** Opening Given entries block **

lemma retrieval_coherence_bound: "\<bar>Re coherence\<bar> \<le> 2 * (l0 + l1)"
proof -
  have diag: "sesq B3 R (retrieval_ket n \<alpha> 0) (retrieval_ket n \<alpha> 0) = 4 * l0"
    "sesq B3 R (retrieval_ket n \<alpha> 1) (retrieval_ket n \<alpha> 1) = 4 * l1"
    using sesq_retrieval_ket[OF retrieval, of 0] sesq_retrieval_ket[OF retrieval, of 1]
    by (simp_all add: qb_def)
  have swap: "sesq B3 R (retrieval_ket n \<alpha> 1) (retrieval_ket n \<alpha> 0) = cnj coherence"
    by (rule psd_sesq_swap[OF psd])
  have "0 \<le> Re (sesq B3 R (\<lambda>x. retrieval_ket n \<alpha> 0 x + s * retrieval_ket n \<alpha> 1 x)
                          (\<lambda>x. retrieval_ket n \<alpha> 0 x + s * retrieval_ket n \<alpha> 1 x))" for s
    by (rule psd_sesq_Re[OF psd])
  from this[of 1] this[of "-1"] show ?thesis
    unfolding sesq_linear diag swap by simp
qed

lemma retrieval_trade_off:
  assumes "p\<^sup>2 + q\<^sup>2 = 1"
  shows "2 * (l0 + l1) - (p * cos (2 * \<alpha>) - q * sin (2 * \<alpha>)) * Re coherence \<le> 4 - 4 * cos (2 * real n * \<alpha>) * p"
proof -
  \<comment> \<open>Add the block bounds for \<open>b = 0, u = w\<close> and \<open>b = 1, u = cnj w\<close>.\<close>
  define w where "w = Complex p q"
  define z where "z = w * cis (2 * \<alpha>)"
  have w: "cnj w * w = 1" "cnj (cnj w) * cnj w = 1"
    using assms by (simp_all add: w_def complex_eq_iff power2_eq_square)
  have Re_w: "Re w = p"
    by (simp add: w_def)
  have qb: "0 \<in> qb" "1 \<in> qb"
    by (simp_all add: qb_def)
  note e = cis_double[of \<alpha>]
  then have cross0: "sesq B3 R (tensor_ket (psi_star n \<alpha> 0) (ket_bb 0)) (tensor_ket (psi_star n \<alpha> 1) (ket_bb 0))
      = cis (2 * \<alpha>) / 4 * coherence"
    using sesq_ket_bb_cross[OF qb(1)] by (simp only: dket_Uop_entries complex_cnj_cnj)
  then have "Re (w * sesq B3 R (tensor_ket (psi_star n \<alpha> 0) (ket_bb 0)) (tensor_ket (psi_star n \<alpha> 1) (ket_bb 0)))
      = Re (z * coherence) / 4"
    unfolding cross0 z_def by (simp add: mult_ac)
  with ket_bb_block_bound[OF qb(1) w(1)]
  have "l0 + l1 - Re (z * coherence) / 2 \<le> 2 - 2 * cos (2 * real n * \<alpha>) * p"
    unfolding Re_w by linarith
  moreover have "cnj (cis \<alpha>) * cnj (cis \<alpha>) = cnj (cis (2 * \<alpha>))"
    by (simp only: e[symmetric] complex_cnj_mult)
  then have cross1: "sesq B3 R (tensor_ket (psi_star n \<alpha> 0) (ket_bb 1)) (tensor_ket (psi_star n \<alpha> 1) (ket_bb 1))
      = cnj (cis (2 * \<alpha>)) / 4 * coherence"
    using sesq_ket_bb_cross[OF qb(2)] by (simp only: dket_Uop_entries complex_cnj_cnj)
  then have "Re (cnj w * sesq B3 R (tensor_ket (psi_star n \<alpha> 0) (ket_bb 1)) (tensor_ket (psi_star n \<alpha> 1) (ket_bb 1)))
      = Re (cnj z * coherence) / 4"
    unfolding cross1 z_def by (simp add: mult_ac)
  with ket_bb_block_bound[OF qb(2) w(2)]
  have "l0 + l1 - Re (cnj z * coherence) / 2 \<le> 2 - 2 * cos (2 * real n * \<alpha>) * p"
    unfolding complex_cnj_cnj cnj.sel Re_w by linarith
  moreover have "Re (z * coherence) + Re (cnj z * coherence) = 2 * ((p * cos (2 * \<alpha>) - q * sin (2 * \<alpha>)) * Re coherence)"
    by (simp add: z_def w_def algebra_simps)
  ultimately show ?thesis
    by argo
qed
end
(* Let $q$ be a prime power and let $\{P_i\}$ be an infinite family of toric codes over $\mathbb{F}_q$, with $P_i\subseteq[0,q-2]^{n_i}$. If $\{L(P_i)\}$ is unbounded, then $\delta(P_i)\to0$ as $i\to\infty$.
   Context: For an integral convex polytope $P\subseteq[0,q-2]^n$: $\mathcal{L}_P=\mathrm{span}_{\mathbb{F}_q}\{x^p: p\in P\cap\mathbb{Z}^n\}$, $N(P)=\max_{0\neq f\in\mathcal{L}_P}|Z(f)|$ with $Z(f)$ the zero set of $f$ in $(\mathbb{F}_q^\times)^n$, $\delta(P)=\big((q-1)^n-N(P)\big)/(q-1)^n$, and $R(P)=|P\cap\mathbb{Z}^n|/(q-1)^n$. A sequence of nonempty integral convex polytopes $P_i\subseteq[0,q-2]^{n_i}$ is an infinite family of toric codes if $n_i\to\infty$ and $\delta(P_i)\to\delta$, $R(P_i)\to R$ for some $\delta,R\in[0,1]$. The Minkowski length $\ell(P)$ of a lattice polytope is the largest number of summands in a decomposition $P=P_1+\dots+P_\ell$ (Minkowski sum) into lattice polytopes of positive dimension ($\ell=0$ for a point); the full Minkowski length is $L(P)=\max\{\ell(Q):Q\subseteq P\text{ a lattice polytope}\}$. *)

theory Defs
  imports Complex_Main
begin

text \<open>Points of R^n are represented as functions nat => real that vanish at
  all coordinates j >= n; lattice points as functions nat => int likewise.\<close>

definition supp_in :: "nat \<Rightarrow> (nat \<Rightarrow> 'b::zero) \<Rightarrow> bool" where
  "supp_in n v \<longleftrightarrow> (\<forall>j\<ge>n. v j = 0)"
(* Let $L$ be a doubly even code of length $n$ and let $\phi\colon E_n\to SO_n$ be the homomorphism $\phi(i_1,\dots,i_n)=\operatorname{diag}\bigl((-1)^{i_1},\dots,(-1)^{i_n}\bigr)$. Then $\phi(L)$ has a finite centralizer in $SO_n$ if and only if a generator matrix of $L$ has distinct columns.
   Context: $k$ is an algebraically closed field of characteristic $0$ and $SO_n=SO_n(k)$. $E_n\subset(\mathbb{Z}/2\mathbb{Z})^n$ is the subgroup of vectors of even weight, where the weight of a vector is its number of coordinates equal to $1$. A doubly even code of length $n$ is a $\mathbb{Z}/2\mathbb{Z}$-subspace $L\subset(\mathbb{Z}/2\mathbb{Z})^n$ in which every element has weight divisible by $4$. A generator matrix of $L$ is a matrix over $\mathbb{Z}/2\mathbb{Z}$ with $n$ columns whose rows span $L$. *)

theory Defs
  imports "HOL-Computational_Algebra.Polynomial" "Jordan_Normal_Form.Determinant"
begin

text \<open>A vector of (Z/2Z)^n is represented by its support, a subset of {0..<n};
  addition is symmetric difference and the weight is the cardinality.\<close>

definition F2vecs :: "nat \<Rightarrow> nat set set" where
  "F2vecs n = Pow {..<n}"

definition weight :: "nat set \<Rightarrow> nat" where
  "weight v = card v"

definition E :: "nat \<Rightarrow> nat set set" where
  "E n = {v \<in> F2vecs n. even (weight v)}"

definition F2_subspace :: "nat \<Rightarrow> nat set set \<Rightarrow> bool" where
  "F2_subspace n L \<longleftrightarrow> L \<subseteq> F2vecs n \<and> {} \<in> L \<and>
     (\<forall>a\<in>L. \<forall>b\<in>L. (a - b) \<union> (b - a) \<in> L)"

definition doubly_even_code :: "nat \<Rightarrow> nat set set \<Rightarrow> bool" where
  "doubly_even_code n L \<longleftrightarrow> F2_subspace n L \<and> (\<forall>v\<in>L. 4 dvd weight v)"

text \<open>A matrix over Z/2Z with n columns, given as the list of its rows (supports).
  Its row space: all Z/2Z-linear combinations (sums of subsets of rows).\<close>

definition row_space :: "nat set list \<Rightarrow> nat set set" where
  "row_space G = {{j. odd (card {i\<in>I. j \<in> G ! i})} | I. I \<subseteq> {..<length G}}"

definition generator_matrix :: "nat \<Rightarrow> nat set set \<Rightarrow> nat set list \<Rightarrow> bool" where
  "generator_matrix n L G \<longleftrightarrow> set G \<subseteq> F2vecs n \<and> row_space G = L"

definition column :: "nat set list \<Rightarrow> nat \<Rightarrow> bool list" where
  "column G j = map (\<lambda>r. j \<in> r) G"
lemma first_moment_eventually_le: "\<exists>T\<ge>1. \<forall>t\<ge>T. moment 1 (c t) \<le> margin * s1"
proof (rule eventually_le_if_DERIV_le_neg_above[where f' = "moment_rate 1" and \<delta> = "(margin - 1) * \<ss> 1"])
  show "((\<lambda>t. moment 1 (c t)) has_real_derivative moment_rate 1 t) (at t)" if "t \<ge> 1" for t
    using moment_has_derivative(1)[of 1 t] that by simp
  show "moment_rate 1 t \<le> - ((margin - 1) * \<ss> 1)" if "t \<ge> 1" "margin * s1 \<le> moment 1 (c t)" for t
  proof -
    have "R * (margin * s1) = margin * \<ss> 1"
      unfolding s1_def using R_pos by simp
    moreover have "R * (margin * s1) \<le> R * moment 1 (c t)"
      using that R_pos by simp
    moreover have "- ((margin - 1) * \<ss> 1) = \<ss> 1 - margin * \<ss> 1"
      by (simp add: algebra_simps)
    ultimately show ?thesis
      using moment_rate_one_le[of t] that by linarith
  qed
  show "(margin - 1) * \<ss> 1 > 0"
    using margin_bounds s_mom[of 1] by simp
qed

lemma eventually_moment_rate_\<mu>_estimates:
  obtains T where "T \<ge> 1" and "\<And>t. t \<ge> T \<Longrightarrow>
      (1 - \<eta>0) * R * moment \<mu> (c t) \<le> R * (M + s\<mu>) - moment_rate \<mu> t"
    and "\<And>t. t \<ge> T \<Longrightarrow>
      (1 - \<eta>0) * R * moment \<mu> (c t) powr (1 + \<rho>) \<le> 4/3 * s1 powr \<rho> * (R * (M + s\<mu>) - moment_rate \<mu> t)"
proof -
  obtain T where T: "T \<ge> 1" "\<And>t. t \<ge> T \<Longrightarrow> moment 1 (c t) \<le> margin * s1"
    using first_moment_eventually_le by blast
  have young: "young_rem \<eta>0 (moment 1 (c t)) \<le> R * M" if "t \<ge> T" for t
    using young_rem_mono[OF moment_nonneg T(2)[OF that] \<eta>0_bounds(1)] young_rem_margin_le T(1) that by simp
  have \<ss>\<mu>: "\<ss> \<mu> = R * s\<mu>"
    unfolding s\<mu>_def using R_pos by simp
  have linear: "(1 - \<eta>0) * R * moment \<mu> (c t) \<le> R * (M + s\<mu>) - moment_rate \<mu> t" if t: "t \<ge> T" for t
    using moment_rate_\<mu>_le[of t \<eta>0] young[OF t] T(1) t \<eta>0_bounds \<ss>\<mu> by (simp add: algebra_simps)
  moreover have "(1 - \<eta>0) * R * moment \<mu> (c t) powr (1 + \<rho>)
      \<le> 4/3 * s1 powr \<rho> * (R * (M + s\<mu>) - moment_rate \<mu> t)" if t: "t \<ge> T" for t
  proof -
    have "0 \<le> (1 - \<eta>0) * R * moment \<mu> (c t)"
      using \<eta>0_bounds R_pos moment_nonneg[of t \<mu>] T(1) t by simp
    then have deficit: "0 \<le> R * (M + s\<mu>) - moment_rate \<mu> t"
      using linear[OF t] by linarith
    have "moment 1 (c t) powr \<rho> \<le> (margin * s1) powr \<rho>"
      using T t moment_nonneg[of t 1] \<rho>_nonneg by (intro powr_mono2) auto
    also have "\<dots> = margin powr \<rho> * s1 powr \<rho>"
      using margin_bounds s1_pos by (simp add: powr_mult)
    also have "\<dots> \<le> 4/3 * s1 powr \<rho>"
      using margin_bounds(3) by (rule mult_right_mono) simp
    finally have "moment 1 (c t) powr \<rho> * (R * (M + s\<mu>) - moment_rate \<mu> t)
        \<le> 4/3 * s1 powr \<rho> * (R * (M + s\<mu>) - moment_rate \<mu> t)"
      using deficit by (rule mult_right_mono)
    moreover have "(1 - \<eta>0) * R * moment \<mu> (c t) powr (1 + \<rho>)
        \<le> moment 1 (c t) powr \<rho> * (\<ss> \<mu> + young_rem \<eta>0 (moment 1 (c t)) - moment_rate \<mu> t)"
      using moment_rate_\<mu>_le_powr[of t \<eta>0] T(1) t \<eta>0_bounds by simp
    moreover have "moment 1 (c t) powr \<rho> * (\<ss> \<mu> + young_rem \<eta>0 (moment 1 (c t)) - moment_rate \<mu> t)
        \<le> moment 1 (c t) powr \<rho> * (R * (M + s\<mu>) - moment_rate \<mu> t)"
      using young[OF t] \<ss>\<mu> by (intro mult_left_mono) (simp_all add: algebra_simps)
    ultimately show ?thesis
      by linarith
  qed
  ultimately show ?thesis
    using that T(1) by blast
qed

lemma moment_\<mu>_eventually_le: "\<exists>T\<ge>1. \<forall>t\<ge>T. moment \<mu> (c t) \<le> 4 * (M + s\<mu>)"
proof -
  obtain T where T: "T \<ge> 1"
    and est: "\<And>t. t \<ge> T \<Longrightarrow> (1 - \<eta>0) * R * moment \<mu> (c t) \<le> R * (M + s\<mu>) - moment_rate \<mu> t"
    by (rule eventually_moment_rate_\<mu>_estimates) blast
  have "\<exists>T'\<ge>T. \<forall>t\<ge>T'. moment \<mu> (c t) \<le> 4 * (M + s\<mu>)"
  proof (rule eventually_le_if_DERIV_le_neg_above[where f' = "moment_rate \<mu>"])
    show "((\<lambda>t. moment \<mu> (c t)) has_real_derivative moment_rate \<mu> t) (at t)" if "t \<ge> T" for t
      using moment_has_derivative(1)[of \<mu> t] that T \<mu>_gt by simp
    show "moment_rate \<mu> t \<le> - (R * (4 * (1 - \<eta>0) - 1) * (M + s\<mu>))"
      if t: "t \<ge> T" "4 * (M + s\<mu>) \<le> moment \<mu> (c t)" for t
    proof -
      have "(1 - \<eta>0) * R * (4 * (M + s\<mu>)) \<le> (1 - \<eta>0) * R * moment \<mu> (c t)"
        using t(2) \<eta>0_bounds R_pos by (intro mult_left_mono) auto
      moreover have "(1 - \<eta>0) * R * (4 * (M + s\<mu>)) - R * (M + s\<mu>) = R * (4 * (1 - \<eta>0) - 1) * (M + s\<mu>)"
        by (simp add: algebra_simps)
      ultimately show ?thesis
        using est[OF t(1)] by linarith
    qed
    show "R * (4 * (1 - \<eta>0) - 1) * (M + s\<mu>) > 0"
      using R_pos M_pos s\<mu>_pos \<eta>0_bounds by simp
  qed
  then show ?thesis
    using T by (meson order_trans)
qed
lemma X_embed_peri_rhs_lipschitz:
  fixes \<alpha> w :: "real \<Rightarrow> real"
  assumes p: "1 \<le> p" and \<alpha>: "integrable lborel \<alpha>" and wC: "w C1_differentiable_on UNIV" and w0: "w 0 = 0"
  obtains K where "0 \<le> K" "\<And>X Y. norm X \<le> R \<Longrightarrow> norm Y \<le> R \<Longrightarrow>
    norm (X_embed p (peri_rhs \<alpha> w (X_component p X)) - X_embed p (peri_rhs \<alpha> w (X_component p Y)))
      \<le> K * norm (X - Y)"
proof -
  obtain K where K0: "0 \<le> K" and K: "\<And>v v'. v \<in> XSp p \<Longrightarrow> v' \<in> XSp p \<Longrightarrow> Linf_norm v \<le> R \<Longrightarrow>
      Linf_norm v' \<le> R \<Longrightarrow> (\<lambda>x. peri_rhs \<alpha> w v x - peri_rhs \<alpha> w v' x) \<in> XSp p \<and>
      Xnorm p (\<lambda>x. peri_rhs \<alpha> w v x - peri_rhs \<alpha> w v' x) \<le> K * Xnorm p (\<lambda>x. v x - v' x)"
    by (rule peri_rhs_lipschitz[OF p \<alpha> wC w0, where R=R]) (rule that)
  show ?thesis
  proof (rule that[OF K0])
    fix X Y :: xfamily
    assume "norm X \<le> R" "norm Y \<le> R"
    let ?u = "X_component p X" and ?v = "X_component p Y"
    have R: "Linf_norm ?u \<le> R" "Linf_norm ?v \<le> R"
      using Linf_norm_le_Xnorm[of _ p] Xnorm_X_component_le[OF p] \<open>norm X \<le> R\<close> \<open>norm Y \<le> R\<close>
      by (meson order_trans)+
    note Kuv = K[OF X_component_XSp[OF p] X_component_XSp[OF p] R]
    have "norm (X_embed p (peri_rhs \<alpha> w ?u) - X_embed p (peri_rhs \<alpha> w ?v))
        = Xnorm p (\<lambda>x. peri_rhs \<alpha> w ?u x - peri_rhs \<alpha> w ?v x)"
      using norm_X_embed[OF p conjunct1[OF Kuv]]
      by (simp add: X_embed_diff[OF p peri_rhs_XSp[OF p \<alpha> wC w0 X_component_XSp[OF p]]
            peri_rhs_XSp[OF p \<alpha> wC w0 X_component_XSp[OF p]]])
    also have "\<dots> \<le> K * Xnorm p (\<lambda>x. ?u x - ?v x)" using Kuv by blast
    also have "\<dots> \<le> K * norm (X - Y)" using Xnorm_X_component_diff_le[OF p] K0 by (rule mult_left_mono)
    finally show "norm (X_embed p (peri_rhs \<alpha> w ?u) - X_embed p (peri_rhs \<alpha> w ?v)) \<le> K * norm (X - Y)" .
  qed
qed

lemma peri_field_lipschitz:
  fixes \<alpha> w :: "real \<Rightarrow> real"
  assumes p: "1 \<le> p" and \<alpha>: "integrable lborel \<alpha>" and wC: "w C1_differentiable_on UNIV" and w0: "w 0 = 0"
  shows "\<exists>L. L-lipschitz_on (cball 0 R) (peri_field p \<alpha> w)"
proof -
  obtain K where K0: "0 \<le> K" and K: "\<And>X Y. norm X \<le> R \<Longrightarrow> norm Y \<le> R \<Longrightarrow>
    norm (X_embed p (peri_rhs \<alpha> w (X_component p X)) - X_embed p (peri_rhs \<alpha> w (X_component p Y)))
      \<le> K * norm (X - Y)"
    by (rule X_embed_peri_rhs_lipschitz[OF p \<alpha> wC w0, where R=R]) (rule that)
  show ?thesis
  proof (intro exI[of _ "1 + K"] lipschitz_onI)
    show "0 \<le> 1 + K" using K0 by simp
    fix z z' :: "xfamily \<times> xfamily"
    assume "z \<in> cball 0 R" "z' \<in> cball 0 R"
    then have R: "norm (fst z) \<le> R" "norm (fst z') \<le> R"
      using norm_fst_le[of "fst z" "snd z"] norm_fst_le[of "fst z'" "snd z'"] by auto
    have "norm (fst (z - z')) \<le> norm (z - z')" "norm (snd (z - z')) \<le> norm (z - z')"
      using norm_fst_le[of "fst (z - z')" "snd (z - z')"] norm_snd_le[of "snd (z - z')" "fst (z - z')"]
      by (simp_all only: prod.collapse)
    then have diff: "norm (fst z - fst z') \<le> norm (z - z')" "norm (snd z - snd z') \<le> norm (z - z')"
      by simp_all
    have "dist (peri_field p \<alpha> w z) (peri_field p \<alpha> w z')
        = norm (snd z - snd z', X_embed p (peri_rhs \<alpha> w (X_component p (fst z)))
            - X_embed p (peri_rhs \<alpha> w (X_component p (fst z'))))"
      by (simp add: peri_field_def dist_norm)
    also have "\<dots> \<le> norm (snd z - snd z') + norm (X_embed p (peri_rhs \<alpha> w (X_component p (fst z)))
        - X_embed p (peri_rhs \<alpha> w (X_component p (fst z'))))"
      by (rule norm_Pair_le)
    also have "\<dots> \<le> norm (snd z - snd z') + K * norm (fst z - fst z')"
      using K[OF R] by simp
    also have "\<dots> \<le> (1 + K) * dist z z'"
      using diff mult_left_mono[OF diff(1) K0] by (simp add: dist_norm algebra_simps)
    finally show "dist (peri_field p \<alpha> w z) (peri_field p \<alpha> w z') \<le> (1 + K) * dist z z'" .
  qed
qed
definition times2_le :: "('a \<Rightarrow> 'a \<Rightarrow> bool) \<Rightarrow> ('a \<times> bool) \<Rightarrow> ('a \<times> bool) \<Rightarrow> bool" where
  "times2_le le p q \<longleftrightarrow> le (fst p) (fst q) \<and> snd p \<le> snd q"

definition Phi :: "'b::order set \<Rightarrow> ('b \<times> 'b) set" where
  "Phi S = {(a, b). a \<in> S \<and> b \<in> S \<and> a \<le> b}"

definition bdd_lattice_iso_Phi_E ::
  "'a topology \<Rightarrow> ('a \<Rightarrow> 'a \<Rightarrow> bool) \<Rightarrow> ('a set \<times> 'a set \<Rightarrow> ('a \<times> bool) set) \<Rightarrow> bool" where
  "bdd_lattice_iso_Phi_E T le f \<longleftrightarrow>
     bij_betw f (Phi (clopen_down_sets T le)) (clopen_down_sets (times2_top T) (times2_le le)) \<and>
     (\<forall>p\<in>Phi (clopen_down_sets T le). \<forall>q\<in>Phi (clopen_down_sets T le).
        f (fst p \<inter> fst q, snd p \<inter> snd q) = f p \<inter> f q \<and>
        f (fst p \<union> fst q, snd p \<union> snd q) = f p \<union> f q) \<and>
     f ({}, {}) = {} \<and>
     f (topspace T, topspace T) = topspace (times2_top T)"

** Closing Given entries block **

** What you are asked to do **
Each line in the data that holds the string "define" needs to be copied.

** Response for this exercise **
  define w where "w = Complex p q"
  define z where "z = w * cis (2 * \<alpha>)"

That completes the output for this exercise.